I’m no Elixir guru, so take everything below with a healthy dose of skepticism and don’t take it at face value 
Elixir/Erlang are famous for their fault tolerance, but they’re not magic: if you design your project poorly it won’t continue running just because it happens to be on the BEAM.
In this case, it seems that the cause of failure was indeed poor application design. If you’re connecting to a remote service, you have to plan for “what happens when it’s unreachable or too slow?”. According to your description, it seems like the decision you made was “just let it crash”.
While that is oft repeated as part of Erlang’s design philosophy, it’s important to understand why people recommend that approach. When designing systems in OTP, it’s expected that restarting a service/process will bring them into a known good, stable state. Basically “turning off and on” which solves so many issues when technology goes bonkers.
In the case you describe, you can’t just “let it crash” because when the service restarts, the remote service you’re trying to connect to could still be unreachable. In other words, restarting your process didn’t (and couldn’t!) solve your issue at all.
Instead, it’s recommended to design with a so-called “error kernel”: a portion of the system that MUST ALWAYS be correct. If that error kernel gets corrupted, everything should get shut down.
I your design, you basically had the connection to the third party system within your error kernel (in effect having your code say "this remote system will always be reachable), and when that wasn’t the case, the system failed.

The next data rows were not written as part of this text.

lemma schur_poly_brk_lowest:
  assumes lam: "is_partition lam" and "lam \<noteq> []"
  shows "vanishes_below (schur_poly (brk x1 x2) lam) (Nprime lam)"
    and "coeff (schur_poly (brk x1 x2) lam) (Nprime lam) = det (lowest_coeff_mat x1 x2 lam)"
proof -
  define l where "l = length lam"
  have "0 < l" using \<open>lam \<noteq> []\<close> by (simp add: l_def)
  define M where "M = mat l l (\<lambda>(i, j).
      if j = 0 then pint_poly (brk x1 x2) (int (lam ! i) - int i)
      else pint_poly (brk 0 x2) (int (lam ! i) - int i + int j))"
  have M: "M \<in> carrier_mat l l" by (simp add: M_def)
  have schur_M: "schur_poly (brk x1 x2) lam = det M"
    unfolding schur_poly_brk_reduced M_def l_def ..
  txt \<open>Column 0 gets the weight 1 - lambda_1: all its entries trivially vanish below it,
    and only the top one can attain it because lambda is decreasing.\<close>
  define \<alpha> where "\<alpha> i = int (lam ! i) - int i - 1" for i
  define \<beta> where "\<beta> j = (if j = 0 then 1 - int (lam ! 0) else int j)" for j
  have weight_col0: "\<alpha> i + \<beta> 0 \<le> 0" and weight_col0_neg: "0 < i \<Longrightarrow> \<alpha> i + \<beta> 0 < 0"
    if "i < l" for i
    using partition_nth_antimono[OF lam, of 0 i] that by (auto simp: \<alpha>_def \<beta>_def l_def)
  have low: "vanishes_below (M $$ (i, j)) (\<alpha> i + \<beta> j)" if "i < l" "j < l" for i j
    using that weight_col0[of i] vanishes_below_pint_poly_brk_0
    by (auto simp: M_def vanishes_below_def \<alpha>_def \<beta>_def)
  have "(\<Sum>i<l. \<alpha> i + \<beta> i) = (\<Sum>i = 1..<l. int (lam ! i) - 1)"
    using \<open>0 < l\<close> by (simp add: lessThan_atLeast0 sum.atLeast_Suc_lessThan \<alpha>_def \<beta>_def)
  then have weight_sum: "(\<Sum>i<l. \<alpha> i + \<beta> i) = int (Nprime lam)"
    by (simp add: int_Nprime[OF lam] l_def)
  show "vanishes_below (schur_poly (brk x1 x2) lam) (Nprime lam)"
    using lowest_coeff_det(1)[OF M low] by (simp add: schur_M weight_sum)
  have "mat l l (\<lambda>(i, j). coeff_int (M $$ (i, j)) (\<alpha> i + \<beta> j)) = lowest_coeff_mat x1 x2 lam"
  proof (rule eq_matI)
    fix i j assume "i < dim_row (lowest_coeff_mat x1 x2 lam)" and "j < dim_col (lowest_coeff_mat x1 x2 lam)"
    then have "i < l" "j < l" by (auto simp: lowest_coeff_mat_def l_def)
    then show "mat l l (\<lambda>(i, j). coeff_int (M $$ (i, j)) (\<alpha> i + \<beta> j)) $$ (i, j)
        = lowest_coeff_mat x1 x2 lam $$ (i, j)"
      using weight_col0_neg[of i] coeff_int_pint_poly_brk_0[of x2 "int (lam ! i) - int i + int j"]
      by (auto simp: M_def lowest_coeff_mat_def l_def \<alpha>_def \<beta>_def coeff_int_def coeff_pint_poly
          pint_def algebra_simps)
  qed (auto simp: lowest_coeff_mat_def l_def)
  then show "coeff (schur_poly (brk x1 x2) lam) (Nprime lam) = det (lowest_coeff_mat x1 x2 lam)"
    using lowest_coeff_det(2)[OF M low] by (simp add: schur_M weight_sum coeff_int_def)
qed

lemma det_lowest_coeff_mat:
  assumes "lam \<noteq> []"
  shows "det (lowest_coeff_mat x1 x2 lam)
    = pfun (brk x1 x2) (lam ! 0) * (- x2) ^ (length lam - 1) * det (inv_fact_mat lam)"
proof -
  define C where "C = lowest_coeff_mat x1 x2 lam"
  have C: "C \<in> carrier_mat (length lam) (length lam)" by (simp add: C_def lowest_coeff_mat_def)
  have "mat_delete C 0 0 = (- x2) \<cdot>\<^sub>m inv_fact_mat lam"
    by (rule eq_matI) (auto simp: mat_delete_def C_def lowest_coeff_mat_def inv_fact_mat_def algebra_simps)
  with det_expand_first_column[OF C] assms show ?thesis
    by (simp add: C_def lowest_coeff_mat_def inv_fact_mat_def)
qed

section \<open>The inverse factorial determinant\<close>

definition falling_poly :: "nat \<Rightarrow> real poly" where
  "falling_poly j = (\<Prod>k<j. [:- real k, 1:])"

lemma degree_falling_poly: "degree (falling_poly j) = j"
  by (simp add: falling_poly_def degree_prod_sum_eq)

lemma lead_coeff_falling_poly: "coeff (falling_poly j) j = 1"
  using lead_coeff_prod[of "\<lambda>k. [:- real k, 1:]" "{..<j}"]
  by (simp add: degree_falling_poly[unfolded falling_poly_def] falling_poly_def)

lemma inv_fact_diff: "inv_fact (int y - int j) = poly (falling_poly j) (real y) / fact y"
proof (cases "j \<le> y")
  case True
  have "(\<Prod>k<j. real y - real k) * fact (y - j) = fact y"
    using True
  proof (induction j)
    case (Suc j)
    then have "y - j = Suc (y - Suc j)" by simp
    with Suc show ?case by (simp add: of_nat_diff algebra_simps)
  qed simp
  then show ?thesis
    using True by (simp add: inv_fact_def falling_poly_def poly_prod field_simps nat_diff_distrib)
next
  case False
  then have "poly (falling_poly j) (real y) = 0"
    by (auto simp: falling_poly_def poly_prod intro!: bexI[of _ y])
  with False show ?thesis by (simp add: inv_fact_def)
qed

lemma det_inv_fact_vandermonde:
  fixes y :: "nat \<Rightarrow> nat"
  shows "det (mat n n (\<lambda>(i, j). inv_fact (int (y i) - int j)))
    = (\<Prod>i<n. 1 / fact (y i)) * (\<Prod>i<n. \<Prod>j = Suc i..<n. real (y j) - real (y i))"
proof -
  have "det (mat n n (\<lambda>(i, j). inv_fact (int (y i) - int j)))
      = det (mat n n (\<lambda>(i, j). 1 / fact (y i) * poly (falling_poly j) (real (y i))))"
    by (intro arg_cong[where f = det] eq_matI) (auto simp: inv_fact_diff)
  also have "\<dots> = (\<Prod>i<n. 1 / fact (y i))
      * det (mat n n (\<lambda>(i, j). poly (falling_poly j) (real (y i))))"
    by (rule det_scale_rows)
  also have "det (mat n n (\<lambda>(i, j). poly (falling_poly j) (real (y i))))
      = det (mat n n (\<lambda>(i, j). real (y i) ^ j))"
    by (rule det_monic_poly_columns) (simp_all add: degree_falling_poly lead_coeff_falling_poly)
  finally show ?thesis
    by (simp add: det_vandermonde)
qed

lemma det_inv_fact_mat_reversed:
  assumes lam: "is_partition lam" and "lam \<noteq> []"
  shows "det (inv_fact_mat lam)
    = det (mat (length lam - 1) (length lam - 1)
        (\<lambda>(i, j). inv_fact (int (wt lam (Suc i) - 1) - int j)))"
proof -
  define n where "n = length lam - 1"
  define r where "r i = (if i < n then n - 1 - i else i)" for i
  have r: "r permutes {0..<n}"
    by (rule inj_imp_permutes) (auto simp: r_def inj_on_def)
  have "det (inv_fact_mat lam) = det (mat n n (\<lambda>(i, j). inv_fact_mat lam $$ (r i, r j)))"
    by (rule det_permute_rows_cols[OF _ r, symmetric]) (simp add: inv_fact_mat_def n_def)
  also have "mat n n (\<lambda>(i, j). inv_fact_mat lam $$ (r i, r j))
      = mat n n (\<lambda>(i, j). inv_fact (int (wt lam (Suc i) - 1) - int j))"
  proof (intro eq_matI)
    fix i j assume "i < dim_row (mat n n (\<lambda>(i, j). inv_fact (int (wt lam (Suc i) - 1) - int j)))"
      and "j < dim_col (mat n n (\<lambda>(i, j). inv_fact (int (wt lam (Suc i) - 1) - int j)))"
    then have "i < n" "j < n" by auto
    moreover have "0 < lam ! (n - i)"
      using partition_nth_pos[OF lam] \<open>i < n\<close> by (simp add: n_def)
    moreover have "Suc (n - Suc i) = n - i" "length lam - Suc i = n - i"
      using \<open>i < n\<close> by (auto simp: n_def)
    ultimately show "mat n n (\<lambda>(i, j). inv_fact_mat lam $$ (r i, r j)) $$ (i, j)
        = mat n n (\<lambda>(i, j). inv_fact (int (wt lam (Suc i) - 1) - int j)) $$ (i, j)"
      by (simp add: inv_fact_mat_def wt_def r_def n_def[symmetric] of_nat_diff algebra_simps)
  qed auto
  finally show ?thesis by (simp add: n_def)
qed

lemma fact_Nprime_mult_det_inv_fact_mat:
  assumes lam: "is_partition lam" and "lam \<noteq> []"
  shows "fact (Nprime lam) * det (inv_fact_mat lam) = clam lam"
proof -
  define n where "n = length lam - 1"
  define y where "y i = wt lam (Suc i) - 1" for i
  have real_y: "real (y i) = real (wt lam (Suc i)) - 1" if "i < n" for i
  proof -
    have "0 < lam ! (n - i)" and "length lam - Suc i = n - i"
      using partition_nth_pos[OF lam, of "n - i"] that by (auto simp: n_def)
    then show ?thesis by (simp add: y_def wt_def of_nat_diff)
  qed
  have shift: "(\<Prod>j\<in>{Suc i<..n}. f j) = (\<Prod>j = Suc i..<n. f (Suc j))" for i and f :: "nat \<Rightarrow> real"
    by (simp add: atLeastSucAtMost_greaterThanAtMost[symmetric] prod.shift_bounds_Suc_ivl[symmetric]
        atLeastLessThanSuc_atLeastAtMost)
  have fact_prod: "(\<Prod>i\<in>{1..n}. fact (wt lam i - 1)) = (\<Prod>i<n. (fact (y i) :: real))"
    by (simp add: prod.atLeast1_atMost_eq y_def)
  have "(\<Prod>i\<in>{1..n}. \<Prod>j\<in>{i<..n}. real (wt lam j) - real (wt lam i))
      = (\<Prod>i<n. \<Prod>j = Suc i..<n. real (wt lam (Suc j)) - real (wt lam (Suc i)))"
    by (simp add: prod.atLeast1_atMost_eq shift)
  also have "\<dots> = (\<Prod>i<n. \<Prod>j = Suc i..<n. real (y j) - real (y i))"
    by (intro prod.cong refl) (simp add: real_y)
  finally have diff_prod: "(\<Prod>i\<in>{1..n}. \<Prod>j\<in>{i<..n}. real (wt lam j) - real (wt lam i))
      = (\<Prod>i<n. \<Prod>j = Suc i..<n. real (y j) - real (y i))" .
  have "det (inv_fact_mat lam)
      = (\<Prod>i<n. 1 / fact (y i)) * (\<Prod>i<n. \<Prod>j = Suc i..<n. real (y j) - real (y i))"
    unfolding det_inv_fact_mat_reversed[OF assms] det_inv_fact_vandermonde[symmetric]
    by (simp add: y_def n_def)
  then show ?thesis
    unfolding clam_def n_def[symmetric] fact_prod diff_prod by (simp add: prod_dividef)
qed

Since that’s apparently not what you want to happen, you should instead design your system so that connecting to the third party system isn’t part of the error kernel. In other words, your processes should continue operating even if unable to reach the remote service.

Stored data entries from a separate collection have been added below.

text \<open>The partial sum \<open>s\<close> of the Taylor series of \<open>g\<close> on the circle of radius \<open>r\<close> is the orthogonal
  projection of \<open>g\<close> onto the span of \<open>1, \<dots>, z\<^sup>N\<^sup>-\<^sup>1\<close>, so
  \<open>\<integral>|g|\<^sup>2 = \<integral>|g - s|\<^sup>2 + \<integral>|s|\<^sup>2 \<ge> \<integral>|s|\<^sup>2\<close>.\<close>

lemma sum_taylor_coeff_sq_le_circle_integral:
  assumes hol: "g holomorphic_on ball 0 1" and r: "0 < r" "r < 1"
  shows "(\<Sum>k<N. (cmod (taylor_coeff g k))^2 * r^(2*k))
           \<le> integral {0..1} (\<lambda>t. (cmod (g (of_real r * circle_exp t)))^2)"
proof -
  define G where "G t = g (of_real r * circle_exp t)" for t
  define c where "c k = of_real r ^ k * taylor_coeff g k" for k
  define s where "s t = coeff_poly c N (circle_exp t)" for t
  define S where "S = (\<Sum>k<N. (cmod (c k))^2)"
  have S_eq: "S = (\<Sum>k<N. (cmod (taylor_coeff g k))^2 * r^(2*k))"
    unfolding S_def c_def using r
    by (intro sum.cong refl) (simp add: norm_mult norm_power power_mult power_mult_distrib mult.commute)
  have "(\<Sum>k<N. cnj (c k) * (of_real r ^ k * taylor_coeff g k)) = of_real S"
    unfolding S_def of_real_sum c_def[symmetric]
    by (intro sum.cong refl) (simp add: complex_norm_square mult.commute del: of_real_power)
  with has_integral_mult_cnj_coeff_poly_circle[OF hol r, of c N]
  have Gs: "((\<lambda>t. G t * cnj (s t)) has_integral of_real S) {0..1}"
    unfolding G_def s_def by simp
  have ss: "((\<lambda>t. s t * cnj (s t)) has_integral of_real S) {0..1}"
    unfolding s_def S_def by (rule has_integral_coeff_poly_circle_sq)
  have "continuous_on {0..1} (\<lambda>t. (cmod (G t - s t))^2)"
    unfolding G_def s_def coeff_poly_def
    by (intro continuous_intros continuous_on_circle_comp[OF hol r])
  then obtain J where J: "((\<lambda>t. (cmod (G t - s t))^2) has_integral J) {0..1}"
    using integrable_continuous_interval by blast
  have J_nonneg: "0 \<le> J" by (rule has_integral_nonneg[OF J]) simp
  have "((\<lambda>t. (cmod (G t - s t))^2 + 2 * Re (G t * cnj (s t)) - Re (s t * cnj (s t)))
          has_integral (J + 2 * S - S)) {0..1}"
    using has_integral_Re[OF Gs] has_integral_Re[OF ss]
    by (intro has_integral_diff has_integral_add J has_integral_mult_right) auto
  moreover have "(cmod (G t - s t))^2 + 2 * Re (G t * cnj (s t)) - Re (s t * cnj (s t)) = (cmod (G t))^2" for t
    by (simp add: cmod_diff_sq cmod_sq_eq_Re_mult_cnj[of "s t"])
  ultimately have "integral {0..1} (\<lambda>t. (cmod (G t))^2) = J + S"
    by (simp add: has_integral_integrable_integral)
  then show ?thesis using J_nonneg S_eq unfolding G_def by simp
qed

subsection \<open>Littlewood subordination for the partial sums of \<open>C\<^sub>\<phi>\<close>\<close>

lemma circle_integral_sq_const_add:
  assumes hol: "h holomorphic_on ball 0 1" and "h 0 = 0" and r: "0 < r" "r < 1"
  shows "integral {0..1} (\<lambda>t. (cmod (a + h (of_real r * circle_exp t)))^2)
           = (cmod a)^2 + integral {0..1} (\<lambda>t. (cmod (h (of_real r * circle_exp t)))^2)"
proof -
  define H where "H t = h (of_real r * circle_exp t)" for t
  have "((\<lambda>t. Re (cnj a * H t)) has_integral 0) {0..1}"
    using has_integral_Re[OF has_integral_mult_right[OF taylor_coeff_circle_integral[OF hol r, of 0], of "cnj a"]]
    by (simp add: H_def \<open>h 0 = 0\<close>)
  moreover have "continuous_on {0..1} (\<lambda>t. (cmod (H t))^2)"
    unfolding H_def by (intro continuous_intros continuous_on_circle_comp[OF hol r])
  ultimately have "((\<lambda>t. (cmod a)^2 + 2 * Re (cnj a * H t) + (cmod (H t))^2)
      has_integral ((cmod a)^2 + 2 * 0 + integral {0..1} (\<lambda>t. (cmod (H t))^2))) {0..1}"
    using has_integral_const_real[of "(cmod a)^2" 0 1]
    by (intro has_integral_add has_integral_mult_right integrable_integral
        integrable_continuous_interval) auto
  moreover have "(cmod a)^2 + 2 * Re (cnj a * H t) + (cmod (H t))^2 = (cmod (a + H t))^2" for t
    using cmod_diff_sq[of a "- H t"] by (simp add: algebra_simps)
  ultimately show ?thesis by (simp add: H_def has_integral_integrable_integral)
qed

text \<open>Writing \<open>p = a\<^sub>0 + z q\<close>, the cross term \<open>\<integral> a\<^sub>0 \<phi> (q \<circ> \<phi>)\<close> vanishes by the mean value property
  since \<open>\<phi>(0) = 0\<close>, and \<open>|\<phi>| \<le> 1\<close> lets the induction hypothesis handle \<open>q\<close>.\<close>

lemma circle_integral_coeff_poly_comp_le:
  assumes hol: "\<phi> holomorphic_on ball 0 1" and into: "\<phi> ` ball 0 1 \<subseteq> ball 0 1" and "\<phi> 0 = 0"
    and r: "0 < r" "r < 1"
  shows "integral {0..1} (\<lambda>t. (cmod (coeff_poly a N (\<phi> (of_real r * circle_exp t))))^2)
           \<le> (\<Sum>j<N. (cmod (a j))^2)"
proof (induction N arbitrary: a)
  case 0
  then show ?case by simp
next
  case (Suc N)
  define q where "q z = coeff_poly (\<lambda>j. a (Suc j)) N (\<phi> z)" for z
  define P where "P t = \<phi> (of_real r * circle_exp t)" for t
  have hol_q: "q holomorphic_on ball 0 1" unfolding q_def[abs_def] by (intro holomorphic_intros hol)
  have "integral {0..1} (\<lambda>t. (cmod (coeff_poly a (Suc N) (P t)))^2)
      = (cmod (a 0))^2 + integral {0..1} (\<lambda>t. (cmod (P t * q (of_real r * circle_exp t)))^2)"
    unfolding P_def coeff_poly_Suc q_def[symmetric]
    by (rule circle_integral_sq_const_add) (use \<open>\<phi> 0 = 0\<close> r in \<open>auto intro!: holomorphic_intros hol hol_q\<close>)
  also have "\<dots> \<le> (cmod (a 0))^2 + integral {0..1} (\<lambda>t. (cmod (q (of_real r * circle_exp t)))^2)"
  proof (intro add_left_mono integral_le integrable_continuous_interval)
    show "continuous_on {0..1} (\<lambda>t. (cmod (P t * q (of_real r * circle_exp t)))^2)"
      unfolding P_def
      by (intro continuous_intros continuous_on_circle_comp[OF hol r] continuous_on_circle_comp[OF hol_q r])
    show "continuous_on {0..1} (\<lambda>t. (cmod (q (of_real r * circle_exp t)))^2)"
      by (intro continuous_intros continuous_on_circle_comp[OF hol_q r])
    fix t
    have "P t \<in> ball 0 1" using into r unfolding P_def by (force simp: norm_mult)
    then show "(cmod (P t * q (of_real r * circle_exp t)))^2 \<le> (cmod (q (of_real r * circle_exp t)))^2"
      by (simp add: norm_mult power_mono mult_left_le_one_le)
  qed
  also have "\<dots> \<le> (cmod (a 0))^2 + (\<Sum>j<N. (cmod (a (Suc j)))^2)"
    using Suc.IH[of "\<lambda>j. a (Suc j)"] by (simp add: q_def)
  finally show ?case unfolding P_def sum.lessThan_Suc_shift by simp
qed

One way this could be achieved is by starting a task to connect to the remote service, and shut the task down if it doesn’t return before a certain cutoff period (i.e. a timeout). Your GenServer would then either respond with {:ok, response}
if it got a response, or {:error, :service_unavailable}
if the remote service couldn’t be reached in time (either because it’s down or the response came too late). Then the client can decide what to do if the remote service is unreachable (try later, etc.).
Here is some more info on the idea of service guarantees and error kernels (note there are 4 links, I don’t know why some don’t display properly):
https://ferd.ca/it-s-about-the-guarantees.html
https://medium.com/@jlouis666/error-kernels-9ad991200abd
https://www.reactivedesignpatterns.com/patterns/error-kernel.html
Hope this helps!